HDR Versus LDR / SDR

Most photos or raytracing output would be considered Low Dynamic Range (LDR) (also known as Standard Dynamic Range (SDR)).  This is because most image formats are based on 24-bit (3 byte) RGB color triples.  Each color component (red, green, and blue) is 1 byte which means it can store an integer value between 0 and 255 (0, 1, 2, … 255).  Some image formats use 32 bits (4 bytes) – the fourth byte being either unused padding or an alpha channel used for transparency; either way, it doesn’t effect the stored color.  HDR image formats typically use floating point RGB color triples.  These values can range from smaller than you can imagine to larger than you can imagine (I won’t mention specific ranges because that would depend on the format used).  Overly dark images in an HDR format would contain many pixels with a small RGB triple, for example (0.000561, 0.000106, 0.0002).  This value would be (0, 0, 0) in an integer RGB format, which would be black with information lost.  In the case of overly bright images in an HDR format, there might be a lot of large RGB triples, like for example, (26010.0125, 257.1, 280.6).  This value would be (255, 255, 255) in an integer RGB format (since without any special processing, values are “clamped” to a range of 0 to 255), which would be white with a definite information loss – the HDR version is red.  You might say “Why not just scale the values to fit between 0 and 255?”.  In some cases that would work (but information / precision would be lost).  However, what if the image contains both super light and super dark areas?  HDR images can store “a greater dynamic range between the lightest and darkest areas” [Wikipedia].

HDR Used in Raytracing

Saving raytracer output in an HDR format is a no-brainer so to speak, since internally the RGB triples are already floating point, with, for all intents and purposes, no limitations of range.  The only thing that changes is the actual writing of the file.  I chose to support both Radiance’s “HDR” format and the “PFM” format (Portable Float Map) in my raytracer (in addition to various LDR formats).  Examples of HDR versus LDR appear below.  The two images show a scene that purposely has a super bright light.  The LDR version is quite useless, but the processed HDR version looks fine.
 
Raytraced scene with super bright lights saved with normal LDR format.
Raytraced scene with super bright lights saved with normal LDR format.

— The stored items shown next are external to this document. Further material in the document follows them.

text \<open>Write \<open>\<theta> = r e\<close> with \<open>\<parallel>e\<parallel> = 1\<close> and \<open>r = \<parallel>\<theta>\<parallel>\<close>. Against any \<open>w\<close>, the adversary
  playing \<open>G e\<close> or \<open>-G e\<close> makes the inner-product terms cancel on average, so every \<open>w\<close> concedes
  at least \<open>V = (h(r + G) + h(r - G))/2\<close>. Conversely, with \<open>a = \<langle>e, g\<rangle> \<in> [-G, G]\<close> the loss
  \<open>h(\<parallel>\<theta> - g\<parallel>)\<close> is bounded by a convex function \<open>\<psi>(a)\<close> with \<open>\<psi>(-G) = h(r + G)\<close> and
  \<open>\<psi>(G) = h(r - G)\<close>: for \<open>d = 1\<close> it is \<open>h(r - a)\<close>, for \<open>d > 1\<close> it is \<open>h(\<surd>(r\<^sup>2 + G\<^sup>2 - 2ra))\<close>, convex because
  the curvature condition makes \<open>h \<circ> \<surd>\<close> convex. Hence \<open>\<psi>\<close> lies below its chord, and the player
  \<open>w = slope(chord) \<cdot> e\<close> cancels the chord's linear part, leaving exactly \<open>V\<close>.\<close>

lemma convex_on_compose_affine:
  fixes f :: "real \<Rightarrow> real"
  assumes cv: "convex_on T f" and S: "convex S" and maps: "\<And>x. x \<in> S \<Longrightarrow> p + q * x \<in> T"
  shows "convex_on S (\<lambda>x. f (p + q * x))"
proof (rule convex_onI[OF _ S])
  fix t x y :: real assume t: "0 < t" "t < 1" and xy: "x \<in> S" "y \<in> S"
  have "p + q * ((1 - t) *\<^sub>R x + t *\<^sub>R y) = (1 - t) *\<^sub>R (p + q * x) + t *\<^sub>R (p + q * y)"
    by (simp add: algebra_simps)
  then show "f (p + q * ((1 - t) *\<^sub>R x + t *\<^sub>R y)) \<le> (1 - t) * f (p + q * x) + t * f (p + q * y)"
    using convex_onD[OF cv, of t "p + q * x" "p + q * y"] t maps xy by simp
qed
section \<open>The vertical test field on \<open>N \<times> \<real>\<^sup>s\<close>\<close>

lemma tangent_space_product:
  fixes N :: "'a::euclidean_space set"
  assumes "w \<in> tangent_space (N \<times> (UNIV::'b::euclidean_space set)) z"
  shows "fst w \<in> tangent_space N (fst z)"
proof -
  obtain \<gamma> where g: "\<And>t. \<gamma> t \<in> N \<times> (UNIV::'b set)" "\<gamma> 0 = z"
    and gd: "(\<gamma> has_vector_derivative w) (at 0)"
    using assms unfolding tangent_space_def by blast
  have "((\<lambda>t. fst (\<gamma> t)) has_vector_derivative fst w) (at 0)"
    using has_derivative_fst[OF gd[unfolded has_vector_derivative_def]]
    unfolding has_vector_derivative_def by simp
  moreover have "\<And>t. fst (\<gamma> t) \<in> N" using g(1) by (simp add: mem_Times_iff)
  ultimately show ?thesis
    unfolding tangent_space_def using g(2) by (intro CollectI exI[of _ "\<lambda>t. fst (\<gamma> t)"]) auto
qed

text \<open>Vertical vectors are tangent to \<open>N \<times> \<real>\<^sup>s\<close>: the straight vertical line stays inside.\<close>
lemma vertical_tangent:
  fixes N :: "'a::euclidean_space set"
  assumes "z \<in> N \<times> (UNIV::'b::euclidean_space set)"
  shows "((0::'a), y) \<in> tangent_space (N \<times> (UNIV::'b set)) z"
  unfolding tangent_space_def
proof (intro CollectI exI[of _ "\<lambda>t. z + t *\<^sub>R ((0::'a), y)"] conjI allI)
  show "z + t *\<^sub>R (0, y) \<in> N \<times> UNIV" for t using assms by (auto simp: mem_Times_iff)
  show "((\<lambda>t. z + t *\<^sub>R ((0::'a), y)) has_vector_derivative (0, y)) (at 0)"
    by (auto intro!: derivative_eq_intros)
qed (simp add: zero_prod_def)

lemma closed_product_cball:
  fixes N :: "'a::euclidean_space set" and q :: "'a \<times> 'b::euclidean_space"
  assumes "closed (N \<inter> cball (fst q) r)"
  shows "closed ((N \<times> UNIV) \<inter> cball q r)"
proof -
  have "(N \<times> UNIV) \<inter> cball q r = ((N \<inter> cball (fst q) r) \<times> UNIV) \<inter> cball q r"
    using dist_fst_le[of q] by (auto simp: mem_Times_iff) (meson order_trans)
  moreover have "closed ((N \<inter> cball (fst q) r) \<times> (UNIV::'b set))"
    using assms closed_Times closed_UNIV by blast
  ultimately show ?thesis by (metis closed_Int closed_cball)
qed

lemma vertical_test_field:
  fixes N :: "'a::euclidean_space set" and K :: "('a \<times> 'b::euclidean_space) set"
  assumes K: "compact K" "K \<subseteq> N \<times> UNIV"
    and loc: "\<And>p. p \<in> N \<Longrightarrow> \<exists>r>0. closed (N \<inter> cball p r)"
  obtains X DX where "tangent_test_field (N \<times> UNIV) X DX"
    "\<And>z v. z \<in> K \<Longrightarrow> blinfun_apply (DX z) v = (0, snd v)"
proof -
  have loc_Z: "\<exists>r>0. closed ((N \<times> UNIV) \<inter> cball q r)" if "q \<in> K" for q
  proof -
    have "fst q \<in> N" using that K(2) by (auto simp: mem_Times_iff)
    then obtain r where "r > 0" "closed (N \<inter> cball (fst q) r)" using loc by blast
    then show ?thesis using closed_product_cball by blast
  qed
  obtain \<theta> :: "'a \<times> 'b \<Rightarrow> real" and D\<theta> C where
    d\<theta>: "\<And>z. (\<theta> has_derivative D\<theta> z) (at z)" and cD\<theta>: "\<And>v. continuous_on UNIV (\<lambda>z. D\<theta> z v)"
    and on_K: "\<And>z. z \<in> K \<Longrightarrow> \<theta> z = 1" "\<And>z v. z \<in> K \<Longrightarrow> D\<theta> z v = 0"
    and C: "compact C" "C \<subseteq> N \<times> UNIV" "{z \<in> N \<times> UNIV. \<theta> z \<noteq> 0} \<subseteq> C"
    using C1_cutoff[OF K loc_Z] by blast
  define X where "X z = \<theta> z *\<^sub>R ((0::'a), snd z)" for z
  define L where "L z v = \<theta> z *\<^sub>R ((0::'a), snd v) + D\<theta> z v *\<^sub>R ((0::'a), snd z)" for z v
  define DX where "DX z = Blinfun (L z)" for z
  have dX: "(X has_derivative L z) (at z)" for z
  proof -
    have "((\<lambda>z. ((0::'a), snd z)) has_derivative (\<lambda>v. (0, snd v))) (at z)"
      by (auto intro!: derivative_eq_intros)
    from has_derivative_scaleR[OF d\<theta> this] show ?thesis
      unfolding X_def[abs_def] L_def by (simp add: algebra_simps)
  qed
  have DX_apply: "blinfun_apply (DX z) = L z" for z
    unfolding DX_def using dX has_derivative_bounded_linear bounded_linear_Blinfun_apply by blast
  have c\<theta>: "continuous_on UNIV \<theta>"
    using d\<theta> by (meson continuous_at_imp_continuous_on has_derivative_continuous)
  have cDX: "continuous_on UNIV DX"
    by (intro continuous_on_blinfun_componentwise)
       (simp add: DX_apply L_def, intro continuous_intros c\<theta> cD\<theta>)
  have tangent: "X z \<in> tangent_space (N \<times> UNIV) z" if "z \<in> N \<times> UNIV" for z
    unfolding X_def using vertical_tangent[OF that] by simp
  have "{z \<in> N \<times> UNIV. X z \<noteq> 0} \<subseteq> C" using C(3) by (auto simp: X_def zero_prod_def)
  then have supp: "closure {z \<in> N \<times> UNIV. X z \<noteq> 0} \<subseteq> C"
    and "bounded {z \<in> N \<times> UNIV. X z \<noteq> 0}"
    using closure_minimal compact_imp_closed[OF C(1)] bounded_subset compact_imp_bounded[OF C(1)]
    by blast+
  then have "compact (closure {z \<in> N \<times> UNIV. X z \<noteq> 0})" by simp
  with dX DX_apply cDX tangent supp C(2) have "tangent_test_field (N \<times> UNIV) X DX"
    unfolding tangent_test_field_def by auto
  moreover have "blinfun_apply (DX z) v = (0, snd v)" if "z \<in> K" for z v
    using on_K that by (simp add: DX_apply L_def)
  ultimately show ?thesis using that by blast
qed

section \<open>Vertical traces of planes\<close>

definition vertical_trace :: "('a::euclidean_space \<times> 'b::euclidean_space) \<Rightarrow>\<^sub>L ('a \<times> 'b) \<Rightarrow> real" where
  "vertical_trace P = (\<Sum>v\<in>Basis. P (0, v) \<bullet> (0, v))"

lemma sum_Basis_prod:
  fixes f :: "('a::euclidean_space \<times> 'b::euclidean_space) \<Rightarrow> real"
  shows "sum f Basis = (\<Sum>u\<in>Basis. f (u, 0)) + (\<Sum>v\<in>Basis. f (0, v))"
proof -
  have "inj_on (\<lambda>u. (u::'a, 0::'b)) Basis" "inj_on (\<lambda>v. (0::'a, v::'b)) Basis"
    by (auto intro!: inj_onI)
  then show ?thesis
    unfolding Basis_prod_def by (subst sum.union_disjoint) (auto simp: Basis_prod_def sum.reindex)
qed

lemma div_plane_vertical_projection:
  assumes "\<And>v. blinfun_apply DX v = (0, snd v)"
  shows "div_plane P DX = vertical_trace P"
proof -
  have "div_plane P DX = (\<Sum>b\<in>Basis. P b \<bullet> (0, snd b))"
    unfolding div_plane_def using assms by simp
  also have "\<dots> = vertical_trace P"
    unfolding vertical_trace_def by (simp add: sum_Basis_prod flip: zero_prod_def)
  finally show ?thesis .
qed

lemma orthogonal_projection_facts:
  fixes P :: "'b::euclidean_space \<Rightarrow>\<^sub>L 'b"
  assumes S: "subspace S" and proj: "\<forall>v. P v \<in> S \<and> (\<forall>w\<in>S. (v - P v) \<bullet> w = 0)"
  shows "\<And>w. w \<in> S \<Longrightarrow> P w = w" "\<And>v. P v \<bullet> v = (norm (P v))^2" "\<And>v. norm (P v) \<le> norm v"
proof -
  fix w assume w: "w \<in> S"
  then have "w - P w \<in> S" using proj S by (simp add: subspace_diff)
  then have "(w - P w) \<bullet> (w - P w) = 0" using proj by blast
  then show "P w = w" by simp
next
  fix v
  have "(v - P v) \<bullet> P v = 0" using proj by blast
  then have "P v \<bullet> v = P v \<bullet> P v" by (simp add: inner_diff_left inner_diff_right inner_commute)
  then show "P v \<bullet> v = (norm (P v))^2" by (simp add: power2_norm_eq_inner)
  then have "(norm (P v))^2 \<le> norm (P v) * norm v"
    by (metis norm_cauchy_schwarz)
  then show "norm (P v) \<le> norm v"
    by (metis mult_le_cancel_left_pos norm_ge_zero order.strict_iff_order power2_eq_square)
qed

text \<open>A subspace of \<open>'a \<times> 'b\<close> whose horizontal projection lies in a subspace of smaller
  dimension contains a non-zero vertical vector (otherwise \<open>fst\<close> would be injective on it).\<close>
lemma subspace_contains_vertical:
  fixes S :: "('a::euclidean_space \<times> 'b::euclidean_space) set"
  assumes "subspace S" "subspace T" "fst ` S \<subseteq> T" "dim T < dim S"
  shows "\<exists>w\<in>S. w \<noteq> 0 \<and> fst w = 0"
proof (rule ccontr)
  assume "\<not> ?thesis"
  then have "inj_on fst S"
    using assms(1) by (intro inj_onI) (metis diff_eq_eq subspace_diff fst_diff add_0)
  then have "dim (fst ` S) = dim S"
    using dim_image_eq linear_fst span_eq_iff assms(1) by metis
  moreover have "dim (fst ` S) \<le> dim T" using dim_subset[OF assms(3)] .
  ultimately show False using assms(4) by simp
qed

lemma vertical_trace_bounds:
  fixes P :: "('a::euclidean_space \<times> 'b::euclidean_space) \<Rightarrow>\<^sub>L ('a \<times> 'b)"
  assumes S: "subspace S" and proj: "\<forall>v. P v \<in> S \<and> (\<forall>w\<in>S. (v - P v) \<bullet> w = 0)"
    and w: "w \<in> S" "w \<noteq> 0" "fst w = 0"
  shows "0 < vertical_trace P" "vertical_trace P \<le> DIM('b)"
proof -
  note pr = orthogonal_projection_facts[OF S proj]
  have le1: "P (0, v) \<bullet> (0, v) \<le> 1" if "v \<in> Basis" for v
  proof -
    have "norm (P (0, v)) \<le> norm ((0::'a), v)" by (rule pr(3))
    then have "norm (P (0, v)) \<le> 1" using that by (simp add: norm_Pair)
    then show ?thesis unfolding pr(2) by (simp add: power_le_one)
  qed
  show "vertical_trace P \<le> DIM('b)"
    unfolding vertical_trace_def using sum_mono[OF le1, of Basis] by simp
  text \<open>If every term vanished, \<open>P\<close> would kill all vertical vectors, in particular \<open>w = P w\<close>.\<close>
  show "0 < vertical_trace P"
  proof (rule ccontr)
    assume "\<not> 0 < vertical_trace P"
    moreover have "0 \<le> vertical_trace P" unfolding vertical_trace_def pr(2) by (simp add: sum_nonneg)
    ultimately have "vertical_trace P = 0" by linarith
    then have "\<forall>v\<in>Basis. P (0, v) \<bullet> (0, v) = 0"
      unfolding vertical_trace_def pr(2) by (simp add: sum_nonneg_eq_0_iff)
    then have zero: "P (0, v) = 0" if "v \<in> Basis" for v using that unfolding pr(2) by simp
    have "w = (\<Sum>v\<in>Basis. (snd w \<bullet> v) *\<^sub>R ((0::'a), v))"
      using w(3) by (intro prod_eqI) (simp_all add: fst_sum snd_sum euclidean_representation)
    then have "P w = (\<Sum>v\<in>Basis. (snd w \<bullet> v) *\<^sub>R P (0, v))"
      by (metis (no_types, lifting) blinfun.scaleR_right blinfun.sum_right sum.cong)
    then have "P w = 0" using zero by simp
    then show False using pr(1)[OF w(1)] w(2) by simp
  qed
qed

Raytraced scene with super bright lights tone mapped from an HDR image.
Raytraced scene with super bright lights tone mapped from an HDR image.
Loading HDR images in a raytracer is not necessarily a no-brainer.  Loading would mostly be used for what’s called “texture mapping” – a method of applying a texture to an object.  The texture routines could also be used for what’s called “environment mapping” – a method of easily applying an environment (that an object is in) without having to actually create the environment.  I chose to support the “PFM” format for loading.  Examples of environment mapping appear below.  In one of the pictures there are three spheres – two glass (showing refraction) and one silver (showing reflection).  The other picture shows two colored reflective spheres.  Of course, it doesn’t have to be spheres, it can be any objects.  I used spheres here to show that the environment really does completely surround the objects.  The HDR environment maps I used are freely available and can be downloaded at http://www.hdrlabs.com/sibl/archive.html
A raytraced environment mapping example with both glass and silver balls.
A raytraced environment mapping example with both glass and silver balls.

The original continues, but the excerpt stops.